Avian nutrient pump
Do birds impact the formation of their own breeding islands? Small sandy islands are formed by vegetation-sedimentation feedbacks. In many tidal systems, including the Wadden Sea, these sandy islands host large populations of coastal birds for breeding and roosting. We propose that these birds collectively transport large quantities of marine-derived nutrients to these islands, thereby fuelling vegetation productivity and potential biogeomorphic feedbacks. To investigate this hypothesis, we will combine analyses on existing biological and morphological data of these small islands and their avian inhabitants, together with data collection during field surveys and manipulative experiments.
By combining expertise on birds, vegetation and island dynamics, we will advance an integrative perspective on coastal systems.
|Valérie Reijers, Kees Camphuijsen|
Back-barrier islands are situated in the lee of ocean-facing barrier chains. Their sheltered position inhibits constant sediment input and instead, island dynamics depends on storm-driven overwash processes. Commonly uninhabited by people, these islands play a central role in global flyway networks, hosting billions of migratory shore- and seabirds1.
However, human disturbances, predator introduction, accelerated sea-level rise, and higher frequency and intensity of storm surges concurrently threaten these islands and associated species1,2. Even though island development relies on sediment stabilizing interactions steered by vegetation2, their sandy soils are generally nutrient-limited, constraining vegetation growth3. We therefore question: what fuels the vegetation productivity that drives this internal feedback engine?

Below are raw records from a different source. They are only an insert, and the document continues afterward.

text \<open>Write \<open>N = CARD('n)\<close> and \<open>C\<^sub>k = 2(N+1)\<delta> + k\<close>, so that \<open>X = D + C\<^sub>k \<xi>\<^sub>t\<close> on \<open>R\<^sup>k\<close>.
  A direct computation with Euler's identity for symbols homogeneous of degree \<open>k\<close> in \<open>\<xi>\<close>
  gives the commutation relation
  \<open>i(\<alpha>) X T = D (i(\<alpha>) T) + (C\<^sub>k - 1) \<xi>\<^sub>t i(\<alpha>) T - ((N+1)\<delta> + k) T\<close>.
  By induction it follows that \<open>i(\<alpha>) X\<^sup>b S = r(b,m) X\<^sup>b\<^sup>-\<^sup>1 S\<close> for \<open>S \<in> R\<^sup>m \<inter> ker i(\<alpha>)\<close>.
  Hence every summand of \<open>s\<^sub>m\<^sub>+\<^sub>b(X\<^sup>b S)\<close> is a multiple of \<open>X\<^sup>b\<^sup>+\<^sup>1 S\<close>, and the coefficients
  telescope to \<open>1 / r(b+1,m)\<close>; the hypothesis on \<open>\<delta>\<close> says exactly that no \<open>r(l, j-l)\<close> vanishes.
  Induction on \<open>l\<close> then gives \<open>s\<^sup>l S = c(l,m) X\<^sup>l S\<close>.

  Smoothness enters only to justify the calculus: all operators preserve the class of
  finite sums of products \<open>a(x) g(\<xi>)\<close> of \<open>C\<^sup>\<infinity>\<close> functions, on which mixed partials in \<open>x\<close>
  and \<open>\<xi>\<close> commute.\<close>

lemma has_derivative_along_line:
  assumes "(f has_derivative f') (at z)"
  shows "((\<lambda>h. f (z + h *\<^sub>R v)) has_real_derivative f' v) (at 0)"
proof -
  have line: "((\<lambda>h::real. z + h *\<^sub>R v) has_derivative (\<lambda>h. h *\<^sub>R v)) (at 0)"
    by (auto intro!: derivative_eq_intros)
  have "((\<lambda>h. f (z + h *\<^sub>R v)) has_derivative (\<lambda>h. f' (h *\<^sub>R v))) (at 0)"
    using has_derivative_compose[OF line, of f f'] assms by simp
  moreover have "(\<lambda>h. f' (h *\<^sub>R v)) = (*) (f' v)"
    using has_derivative_linear[OF assms] by (auto simp: linear_scale)
  ultimately show ?thesis by (simp add: has_field_derivative_def)
qed

lemma pdir_eq_has_derivative: "(f has_derivative f') (at z) \<Longrightarrow> pdir f v z = f' v"
  unfolding pdir_def by (rule DERIV_imp_deriv[OF has_derivative_along_line])

lemma pdir_frechet_derivative:
  "f differentiable (at z) \<Longrightarrow> pdir f v z = frechet_derivative f (at z) v"
  by (rule pdir_eq_has_derivative) (simp add: frechet_derivative_works[symmetric])

lemma pdir_const [simp]: "pdir (\<lambda>z. c) v = (\<lambda>z. 0)"
  by (rule ext, rule pdir_eq_has_derivative) (auto intro: derivative_eq_intros)

lemma pdir_bounded_linear: "bounded_linear L \<Longrightarrow> pdir L v z = L v"
  by (rule pdir_eq_has_derivative[OF bounded_linear_imp_has_derivative])

lemma
  assumes f: "f differentiable (at z)" and g: "g differentiable (at z)"
  shows pdir_add: "pdir (\<lambda>z. f z + g z) v z = pdir f v z + pdir g v z"
    and pdir_diff: "pdir (\<lambda>z. f z - g z) v z = pdir f v z - pdir g v z"
    and pdir_mult: "pdir (\<lambda>z. f z * g z) v z = f z * pdir g v z + pdir f v z * g z"
proof -
  note Df = f[unfolded frechet_derivative_works] and Dg = g[unfolded frechet_derivative_works]
  show "pdir (\<lambda>z. f z + g z) v z = pdir f v z + pdir g v z"
    using pdir_eq_has_derivative[OF has_derivative_add[OF Df Dg]] f g
    by (simp add: pdir_frechet_derivative)
  show "pdir (\<lambda>z. f z - g z) v z = pdir f v z - pdir g v z"
    using pdir_eq_has_derivative[OF has_derivative_diff[OF Df Dg]] f g
    by (simp add: pdir_frechet_derivative)
  show "pdir (\<lambda>z. f z * g z) v z = f z * pdir g v z + pdir f v z * g z"
    using pdir_eq_has_derivative[OF has_derivative_mult[OF Df Dg]] f g
    by (simp add: pdir_frechet_derivative)
qed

We propose that the large populations of birds that use sandy shoals and islands as roosts or breeding sites, pump tonnes of external marine-derived nutrients via their faecal outputs (i.e. guano) to these islands. Seabirds play a critical role in the global nitrogen (N) cycle, by transferring ~600 Gg N annually, comparable to global fixation by rice or lightning4. Guano has been demonstrated to promote ecosystem functioning (e.g. primary productivity, biodiversity)5 on rocky islands. Surprisingly, this avian nutrient pump has hitherto been neglected for soft sediment islands, even though island and habitat structuring processes depend on vegetation-mediated feedbacks.
In this project, we aim to unravel the feedback interactions between birds, vegetation and geophysical processes that steer back-barrier island morphodynamics and ecological functioning. Specifically, we hypothesize that (i) guano promotes vegetation growth, which in turn decreases soil erodibility and enhances overall island stability and (ii) island stability and vegetation development in turn determine habitat suitability for breeding and roosting birds (Fig. 1). We will combine existing bird abundance data and remote sensing data together with data collection during field surveys and manipulative experiments. To study these interactions, we will focus on small back-barrier islands in the Wadden Sea (e.g., Griend, Richel, Zuiderduin, Memmert).
Fig. 1: Schematic representation of the hypothesized trophic and biogeomorphic interactions between birds, vegetation and island morphology we aim to investigate in this project.
- Piersma, T., et al., Simultaneous declines in summer survival of three shorebird species signals a flyway at risk. J. Appl. Ecol., 2016. 53, 479-490.
- Durán Vinent, O. and L.J. Moore, Barrier island bistability induced by biophysical interactions. Nat. Clim. Change, 2015. 5, 158-162.
- Reijers, V.C., et al., Resilience of beach grasses along a biogeomorphic successive gradient: resource availability vs. clonal integration. Oecologia, 2019. 192, 201-212.
- Otero, X.L., et al., Seabird colonies as important global drivers in nitrogen and phosphorus cycles. Nat. Commun., 2018. 9, 1-8.
- Graham, N.A., et al., Seabirds enhance coral reef productivity and functioning in the absence of invasive rats. Nature, 2018. 559, 250-253.